Agreed, the shutdown function isn't the best way, or at least not the clearest way, to trigger the event to clear the lock after the task is complete. To remove it would mean needing to retool the logic for the locking system to catch at the beginning of tasks and the clear at the end of tasks (not necessarily a bad idea) but would require more meddling in other functions.

At that point though, there needs to also be a way to clear or delete locked tasks in case the system crashes in the middle of an import so we don't end up with these incomplete tasks lingering all over the place and unable to process new tasks. It would be worthwhile then to use a lock per task so you could set the system to working on multiple imports without risking duplication or preventing yourself from multiple runs.

deekayen’s picture

What's the point of the lock_id though?

Bastlynn’s picture

Right now - there isn't one (I'm not convinced there was one in the original code either). Once I finish working up a patch to do individual task locking as described in my late night rambling- then there will be. ;)

Bastlynn’s picture

Updated patch - I saw the comment tracing the history of the locking mechanism as described here, but the local implementation of it for node_import missed a critical element by not pulling data in from the variables table when trying to gain a lock.

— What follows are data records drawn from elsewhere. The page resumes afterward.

lemma partial_transversal_contract:
  assumes k: "1 \<le> k" "k \<le> r"
    and g: "inj_on g (insert e X)" "g ` insert e X \<subseteq> {1..r}" "\<forall>x\<in>X. x \<in> A (g x)"
    and e: "e \<notin> X"
    and \<psi>: "inj_on \<psi> ({1..k} - {g e})"
      "\<forall>u\<in>{1..k} - {g e}. \<psi> u \<in> {1..k-1} \<and> A u - {e} \<subseteq> B (\<psi> u)"
    and shift: "\<forall>i\<in>{k<..r}. A i \<subseteq> B (i - 1)"
  shows "partial_transversal B (r - 1) X"
proof -
  define \<sigma> where "\<sigma> i = (if i \<le> k then \<psi> i else i - 1)" for i
  let ?U = "({1..k} - {g e}) \<union> {k<..r}"
  have below_k: "\<sigma> ` ({1..k} - {g e}) \<subseteq> {..<k}"
  proof
    fix i assume "i \<in> \<sigma> ` ({1..k} - {g e})"
    then obtain u where u: "u \<in> {1..k} - {g e}" "i = \<sigma> u" by blast
    with \<psi>(2) have "\<psi> u \<in> {1..k-1}" by blast
    moreover have "\<sigma> u = \<psi> u" using u(1) by (simp add: \<sigma>_def)
    ultimately show "i \<in> {..<k}" using u(2) by auto
  qed
  have above_k: "\<sigma> ` {k<..r} \<subseteq> {k..}" by (auto simp: \<sigma>_def)
  have "inj_on \<sigma> ({1..k} - {g e})"
    using \<psi>(1) by (rule inj_on_cong[THEN iffD1, rotated]) (simp add: \<sigma>_def)
  moreover have "inj_on \<sigma> {k<..r}"
    using k by (auto simp: \<sigma>_def inj_on_def)
  moreover have "\<sigma> ` ({1..k} - {g e}) \<inter> \<sigma> ` {k<..r} = {}"
    using below_k above_k by fastforce
  moreover have "({1..k} - {g e}) - {k<..r} = {1..k} - {g e}" "{k<..r} - ({1..k} - {g e}) = {k<..r}"
    by auto
  ultimately have inj_\<sigma>: "inj_on \<sigma> ?U"
    by (simp add: inj_on_Un)
  have gX: "g ` X \<subseteq> ?U"
  proof
    fix i assume "i \<in> g ` X"
    then obtain x where "x \<in> X" "i = g x" by blast
    with g(2) have "i \<in> {1..r}" by blast
    moreover have "i \<noteq> g e"
      using inj_onD[OF g(1), of x e] \<open>x \<in> X\<close> \<open>i = g x\<close> e by auto
    ultimately show "i \<in> ?U" by auto
  qed
  have "inj_on g X" using g(1) by (rule inj_on_subset) blast
  moreover have "inj_on \<sigma> (g ` X)" using inj_\<sigma> gX by (rule inj_on_subset)
  ultimately have "inj_on (\<sigma> \<circ> g) X" by (rule comp_inj_on)
  moreover have "(\<sigma> \<circ> g) x \<in> {1..r-1} \<and> x \<in> B ((\<sigma> \<circ> g) x)" if x: "x \<in> X" for x
  proof (cases "g x \<le> k")
    case True
    with x gX have "g x \<in> {1..k} - {g e}" by auto
    with \<psi>(2) have "\<psi> (g x) \<in> {1..k-1}" "A (g x) - {e} \<subseteq> B (\<psi> (g x))" by blast+
    moreover have "x \<in> A (g x) - {e}" using g(3) x e by auto
    moreover have "(\<sigma> \<circ> g) x = \<psi> (g x)" using True by (simp add: \<sigma>_def)
    ultimately show ?thesis using k by auto
  next
    case False
    with x gX have "g x \<in> {k<..r}" by auto
    moreover from this shift have "A (g x) \<subseteq> B (g x - 1)" by blast
    moreover have "x \<in> A (g x)" using g(3) x by blast
    moreover have "(\<sigma> \<circ> g) x = g x - 1" using False by (simp add: \<sigma>_def)
    ultimately show ?thesis using k by auto
  qed
  ultimately show ?thesis
    unfolding partial_transversal_def by (intro exI[of _ "\<sigma> \<circ> g"]) blast
qed

lemma merged_family_subset:
  fixes r k :: nat
  assumes A: "\<forall>i\<in>{1..r}. A i \<subseteq> E" and k: "1 \<le> k" "k \<le> r"
    and order: "\<forall>i\<in>{1..r}. e \<in> A i \<longleftrightarrow> i \<le> k"
    and ends: "\<forall>m\<in>{1..k-1}. ei m \<in> {1..k} \<and> ej m \<in> {1..k}"
    and B1: "\<forall>m\<in>{1..k-1}. B m = A (ei m) \<union> A (ej m) - {e}"
    and B2: "\<forall>m\<in>{k..r-1}. B m = A (m + 1)"
  shows "\<forall>m\<in>{1..r-1}. B m \<subseteq> E - {e}"
proof
  fix m assume m: "m \<in> {1..r-1}"
  show "B m \<subseteq> E - {e}"
  proof (cases "m \<le> k - 1")
    case True
    with m have m': "m \<in> {1..k-1}" by auto
    with ends have "ei m \<in> {1..k}" "ej m \<in> {1..k}" by blast+
    with k have "ei m \<in> {1..r}" "ej m \<in> {1..r}" by auto
    with A have "A (ei m) \<subseteq> E" "A (ej m) \<subseteq> E" by blast+
    moreover have "B m = A (ei m) \<union> A (ej m) - {e}" using B1 m' by (rule bspec)
    ultimately show ?thesis by blast
  next
    case False
    with m k have m': "m \<in> {k..r-1}" and m1: "m + 1 \<in> {1..r}" "\<not> m + 1 \<le> k" by auto
    have "B m = A (m + 1)" using B2 m' by (rule bspec)
    moreover have "A (m + 1) \<subseteq> E" using A m1(1) by blast
    moreover have "e \<notin> A (m + 1)" using order[rule_format, OF m1(1)] m1(2) by blast
    ultimately show ?thesis by blast
  qed
qed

I'm debating updating the locking mechanism here to use the formal locking mechanisms in Drupal - thoughts, opinions, pros and cons of doing so?

Bastlynn’s picture

Status: Needs work » Needs review

Going? Going? Gone. I'm pretty content with not using the features in lock.inc for the moment. So this is ready for review and testing - please let me know if you spot issues with the logic being used here.

deekayen’s picture

function node_import_lock_acquire() looks like it would never return FALSE in #19, signifying that a lock was already in place on the requested task. Here's an un-tested, maybe full of parse errors revision.

Bastlynn’s picture

re: #21 - The logic seems functionally the same as #19 but I like this better than trying to stick with the original course of logic for the module. It reads clearer to the general coder and reduces the number of flags stored in the variables table. The patch doesn't have parse errors to correct, it looks good to me.

Bastlynn’s picture

I tweaked the logic on this patch one last time to make sure the lock releases correctly. See attached.